Excerpted records
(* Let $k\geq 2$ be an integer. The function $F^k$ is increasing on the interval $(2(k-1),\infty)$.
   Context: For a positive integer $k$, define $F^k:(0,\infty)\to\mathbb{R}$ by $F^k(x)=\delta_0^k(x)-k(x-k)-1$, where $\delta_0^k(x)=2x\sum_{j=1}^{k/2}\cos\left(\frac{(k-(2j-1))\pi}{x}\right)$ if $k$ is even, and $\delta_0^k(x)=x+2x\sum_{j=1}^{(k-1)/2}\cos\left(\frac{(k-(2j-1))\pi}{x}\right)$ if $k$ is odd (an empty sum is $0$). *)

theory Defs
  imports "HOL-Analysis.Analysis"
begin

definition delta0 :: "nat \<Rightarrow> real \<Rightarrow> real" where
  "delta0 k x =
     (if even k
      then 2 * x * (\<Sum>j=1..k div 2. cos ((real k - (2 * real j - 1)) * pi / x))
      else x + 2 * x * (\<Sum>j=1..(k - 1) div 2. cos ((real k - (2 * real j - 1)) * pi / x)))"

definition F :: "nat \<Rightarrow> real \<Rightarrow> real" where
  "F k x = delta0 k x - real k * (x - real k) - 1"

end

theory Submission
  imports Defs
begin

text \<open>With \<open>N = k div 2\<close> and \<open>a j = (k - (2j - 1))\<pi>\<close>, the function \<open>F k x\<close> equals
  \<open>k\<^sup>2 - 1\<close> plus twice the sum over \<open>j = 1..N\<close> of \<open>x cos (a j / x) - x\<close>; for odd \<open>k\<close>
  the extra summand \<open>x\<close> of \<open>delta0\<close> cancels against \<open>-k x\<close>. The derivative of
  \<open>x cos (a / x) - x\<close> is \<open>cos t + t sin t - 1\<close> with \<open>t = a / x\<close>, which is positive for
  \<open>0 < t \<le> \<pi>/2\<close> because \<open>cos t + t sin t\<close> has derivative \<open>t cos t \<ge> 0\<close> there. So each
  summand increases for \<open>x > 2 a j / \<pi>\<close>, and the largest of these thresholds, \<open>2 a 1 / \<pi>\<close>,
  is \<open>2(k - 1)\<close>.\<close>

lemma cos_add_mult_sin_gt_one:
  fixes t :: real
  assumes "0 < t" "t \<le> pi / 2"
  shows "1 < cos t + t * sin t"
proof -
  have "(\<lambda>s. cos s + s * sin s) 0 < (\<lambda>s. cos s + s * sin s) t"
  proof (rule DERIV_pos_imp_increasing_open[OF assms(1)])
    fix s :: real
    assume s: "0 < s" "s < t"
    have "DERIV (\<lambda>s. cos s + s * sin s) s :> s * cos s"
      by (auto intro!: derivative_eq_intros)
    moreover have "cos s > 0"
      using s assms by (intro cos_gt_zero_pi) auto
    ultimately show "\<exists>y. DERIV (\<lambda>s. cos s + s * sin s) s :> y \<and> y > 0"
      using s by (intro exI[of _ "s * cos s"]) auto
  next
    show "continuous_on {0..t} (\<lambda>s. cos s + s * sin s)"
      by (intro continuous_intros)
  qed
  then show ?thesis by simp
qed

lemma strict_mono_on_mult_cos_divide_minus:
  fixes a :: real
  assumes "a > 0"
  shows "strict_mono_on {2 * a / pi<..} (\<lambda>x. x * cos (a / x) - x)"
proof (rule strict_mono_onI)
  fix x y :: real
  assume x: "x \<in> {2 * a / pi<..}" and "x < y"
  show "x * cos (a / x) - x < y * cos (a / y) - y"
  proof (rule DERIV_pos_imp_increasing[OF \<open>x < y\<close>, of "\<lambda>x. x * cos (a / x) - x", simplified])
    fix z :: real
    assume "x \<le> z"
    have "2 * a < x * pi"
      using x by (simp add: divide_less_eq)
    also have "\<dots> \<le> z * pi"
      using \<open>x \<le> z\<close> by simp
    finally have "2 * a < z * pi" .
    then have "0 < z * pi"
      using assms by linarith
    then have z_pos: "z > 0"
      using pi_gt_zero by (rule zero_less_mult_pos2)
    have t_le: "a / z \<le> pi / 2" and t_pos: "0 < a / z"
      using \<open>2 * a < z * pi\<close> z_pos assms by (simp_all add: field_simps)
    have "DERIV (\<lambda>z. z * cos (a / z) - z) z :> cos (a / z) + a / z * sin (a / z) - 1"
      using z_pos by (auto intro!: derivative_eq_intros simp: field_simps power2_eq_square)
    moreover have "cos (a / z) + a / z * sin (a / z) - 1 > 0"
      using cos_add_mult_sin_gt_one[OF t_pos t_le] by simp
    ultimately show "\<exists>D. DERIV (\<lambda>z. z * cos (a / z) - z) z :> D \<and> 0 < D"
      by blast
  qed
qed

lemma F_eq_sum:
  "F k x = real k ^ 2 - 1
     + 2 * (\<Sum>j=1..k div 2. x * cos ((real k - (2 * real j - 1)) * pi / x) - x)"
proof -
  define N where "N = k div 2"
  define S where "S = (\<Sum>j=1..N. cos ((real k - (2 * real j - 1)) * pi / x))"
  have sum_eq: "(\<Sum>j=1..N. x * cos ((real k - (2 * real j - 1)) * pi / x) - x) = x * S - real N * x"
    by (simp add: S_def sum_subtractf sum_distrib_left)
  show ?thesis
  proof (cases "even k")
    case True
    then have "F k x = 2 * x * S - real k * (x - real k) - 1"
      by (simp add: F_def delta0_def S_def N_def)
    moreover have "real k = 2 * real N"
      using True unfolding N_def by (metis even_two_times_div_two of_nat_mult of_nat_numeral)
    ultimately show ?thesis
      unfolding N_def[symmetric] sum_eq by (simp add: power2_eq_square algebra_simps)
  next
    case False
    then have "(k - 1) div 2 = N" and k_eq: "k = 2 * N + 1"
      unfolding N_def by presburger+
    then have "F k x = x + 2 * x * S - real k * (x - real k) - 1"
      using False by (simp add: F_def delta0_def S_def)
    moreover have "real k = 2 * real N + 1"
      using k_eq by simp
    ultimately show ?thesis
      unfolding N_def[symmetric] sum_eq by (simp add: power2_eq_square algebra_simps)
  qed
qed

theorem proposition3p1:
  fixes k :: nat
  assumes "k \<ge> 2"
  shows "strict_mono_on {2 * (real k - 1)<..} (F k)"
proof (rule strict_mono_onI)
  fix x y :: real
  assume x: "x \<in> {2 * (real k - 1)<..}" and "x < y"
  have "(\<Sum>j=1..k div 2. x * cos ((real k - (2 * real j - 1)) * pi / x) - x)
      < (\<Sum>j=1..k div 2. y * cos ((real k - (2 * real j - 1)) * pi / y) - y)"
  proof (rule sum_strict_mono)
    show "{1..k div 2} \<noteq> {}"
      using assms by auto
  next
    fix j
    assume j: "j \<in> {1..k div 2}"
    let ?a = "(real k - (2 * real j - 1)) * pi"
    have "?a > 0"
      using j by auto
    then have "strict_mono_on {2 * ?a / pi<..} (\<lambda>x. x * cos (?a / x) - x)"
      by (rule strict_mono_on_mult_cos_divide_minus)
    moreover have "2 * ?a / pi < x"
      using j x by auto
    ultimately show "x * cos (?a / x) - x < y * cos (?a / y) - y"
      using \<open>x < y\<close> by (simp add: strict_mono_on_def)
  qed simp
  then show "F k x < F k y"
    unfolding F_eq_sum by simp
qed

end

What needs to be done
The full listing above should be reproduced exactly.

Solution to this problem
(* Let $k\geq 2$ be an integer. The function $F^k$ is increasing on the interval $(2(k-1),\infty)$.
   Context: For a positive integer $k$, define $F^k:(0,\infty)\to\mathbb{R}$ by $F^k(x)=\delta_0^k(x)-k(x-k)-1$, where $\delta_0^k(x)=2x\sum_{j=1}^{k/2}\cos\left(\frac{(k-(2j-1))\pi}{x}\right)$ if $k$ is even, and $\delta_0^k(x)=x+2x\sum_{j=1}^{(k-1)/2}\cos\left(\frac{(k-(2j-1))\pi}{x}\right)$ if $k$ is odd (an empty sum is $0$). *)

theory Defs
  imports "HOL-Analysis.Analysis"
begin

definition delta0 :: "nat \<Rightarrow> real \<Rightarrow> real" where
  "delta0 k x =
     (if even k
      then 2 * x * (\<Sum>j=1..k div 2. cos ((real k - (2 * real j - 1)) * pi / x))
      else x + 2 * x * (\<Sum>j=1..(k - 1) div 2. cos ((real k - (2 * real j - 1)) * pi / x)))"

definition F :: "nat \<Rightarrow> real \<Rightarrow> real" where
  "F k x = delta0 k x - real k * (x - real k) - 1"

end

theory Submission
  imports Defs
begin

text \<open>With \<open>N = k div 2\<close> and \<open>a j = (k - (2j - 1))\<pi>\<close>, the function \<open>F k x\<close> equals
  \<open>k\<^sup>2 - 1\<close> plus twice the sum over \<open>j = 1..N\<close> of \<open>x cos (a j / x) - x\<close>; for odd \<open>k\<close>
  the extra summand \<open>x\<close> of \<open>delta0\<close> cancels against \<open>-k x\<close>. The derivative of
  \<open>x cos (a / x) - x\<close> is \<open>cos t + t sin t - 1\<close> with \<open>t = a / x\<close>, which is positive for
  \<open>0 < t \<le> \<pi>/2\<close> because \<open>cos t + t sin t\<close> has derivative \<open>t cos t \<ge> 0\<close> there. So each
  summand increases for \<open>x > 2 a j / \<pi>\<close>, and the largest of these thresholds, \<open>2 a 1 / \<pi>\<close>,
  is \<open>2(k - 1)\<close>.\<close>

lemma cos_add_mult_sin_gt_one:
  fixes t :: real
  assumes "0 < t" "t \<le> pi / 2"
  shows "1 < cos t + t * sin t"
proof -
  have "(\<lambda>s. cos s + s * sin s) 0 < (\<lambda>s. cos s + s * sin s) t"
  proof (rule DERIV_pos_imp_increasing_open[OF assms(1)])
    fix s :: real
    assume s: "0 < s" "s < t"
    have "DERIV (\<lambda>s. cos s + s * sin s) s :> s * cos s"
      by (auto intro!: derivative_eq_intros)
    moreover have "cos s > 0"
      using s assms by (intro cos_gt_zero_pi) auto
    ultimately show "\<exists>y. DERIV (\<lambda>s. cos s + s * sin s) s :> y \<and> y > 0"
      using s by (intro exI[of _ "s * cos s"]) auto
  next
    show "continuous_on {0..t} (\<lambda>s. cos s + s * sin s)"
      by (intro continuous_intros)
  qed
  then show ?thesis by simp
qed

lemma strict_mono_on_mult_cos_divide_minus:
  fixes a :: real
  assumes "a > 0"
  shows "strict_mono_on {2 * a / pi<..} (\<lambda>x. x * cos (a / x) - x)"
proof (rule strict_mono_onI)
  fix x y :: real
  assume x: "x \<in> {2 * a / pi<..}" and "x < y"
  show "x * cos (a / x) - x < y * cos (a / y) - y"
  proof (rule DERIV_pos_imp_increasing[OF \<open>x < y\<close>, of "\<lambda>x. x * cos (a / x) - x", simplified])
    fix z :: real
    assume "x \<le> z"
    have "2 * a < x * pi"
      using x by (simp add: divide_less_eq)
    also have "\<dots> \<le> z * pi"
      using \<open>x \<le> z\<close> by simp
    finally have "2 * a < z * pi" .
    then have "0 < z * pi"
      using assms by linarith
    then have z_pos: "z > 0"
      using pi_gt_zero by (rule zero_less_mult_pos2)
    have t_le: "a / z \<le> pi / 2" and t_pos: "0 < a / z"
      using \<open>2 * a < z * pi\<close> z_pos assms by (simp_all add: field_simps)
    have "DERIV (\<lambda>z. z * cos (a / z) - z) z :> cos (a / z) + a / z * sin (a / z) - 1"
      using z_pos by (auto intro!: derivative_eq_intros simp: field_simps power2_eq_square)
    moreover have "cos (a / z) + a / z * sin (a / z) - 1 > 0"
      using cos_add_mult_sin_gt_one[OF t_pos t_le] by simp
    ultimately show "\<exists>D. DERIV (\<lambda>z. z * cos (a / z) - z) z :> D \<and> 0 < D"
      by blast
  qed
qed

lemma F_eq_sum:
  "F k x = real k ^ 2 - 1
     + 2 * (\<Sum>j=1..k div 2. x * cos ((real k - (2 * real j - 1)) * pi / x) - x)"
proof -
  define N where "N = k div 2"
  define S where "S = (\<Sum>j=1..N. cos ((real k - (2 * real j - 1)) * pi / x))"
  have sum_eq: "(\<Sum>j=1..N. x * cos ((real k - (2 * real j - 1)) * pi / x) - x) = x * S - real N * x"
    by (simp add: S_def sum_subtractf sum_distrib_left)
  show ?thesis
  proof (cases "even k")
    case True
    then have "F k x = 2 * x * S - real k * (x - real k) - 1"
      by (simp add: F_def delta0_def S_def N_def)
    moreover have "real k = 2 * real N"
      using True unfolding N_def by (metis even_two_times_div_two of_nat_mult of_nat_numeral)
    ultimately show ?thesis
      unfolding N_def[symmetric] sum_eq by (simp add: power2_eq_square algebra_simps)
  next
    case False
    then have "(k - 1) div 2 = N" and k_eq: "k = 2 * N + 1"
      unfolding N_def by presburger+
    then have "F k x = x + 2 * x * S - real k * (x - real k) - 1"
      using False by (simp add: F_def delta0_def S_def)
    moreover have "real k = 2 * real N + 1"
      using k_eq by simp
    ultimately show ?thesis
      unfolding N_def[symmetric] sum_eq by (simp add: power2_eq_square algebra_simps)
  qed
qed

theorem proposition3p1:
  fixes k :: nat
  assumes "k \<ge> 2"
  shows "strict_mono_on {2 * (real k - 1)<..} (F k)"
proof (rule strict_mono_onI)
  fix x y :: real
  assume x: "x \<in> {2 * (real k - 1)<..}" and "x < y"
  have "(\<Sum>j=1..k div 2. x * cos ((real k - (2 * real j - 1)) * pi / x) - x)
      < (\<Sum>j=1..k div 2. y * cos ((real k - (2 * real j - 1)) * pi / y) - y)"
  proof (rule sum_strict_mono)
    show "{1..k div 2} \<noteq> {}"
      using assms by auto
  next
    fix j
    assume j: "j \<in> {1..k div 2}"
    let ?a = "(real k - (2 * real j - 1)) * pi"
    have "?a > 0"
      using j by auto
    then have "strict_mono_on {2 * ?a / pi<..} (\<lambda>x. x * cos (?a / x) - x)"
      by (rule strict_mono_on_mult_cos_divide_minus)
    moreover have "2 * ?a / pi < x"
      using j x by auto
    ultimately show "x * cos (?a / x) - x < y * cos (?a / y) - y"
      using \<open>x < y\<close> by (simp add: strict_mono_on_def)
  qed simp
  then show "F k x < F k y"
    unfolding F_eq_sum by simp
qed

end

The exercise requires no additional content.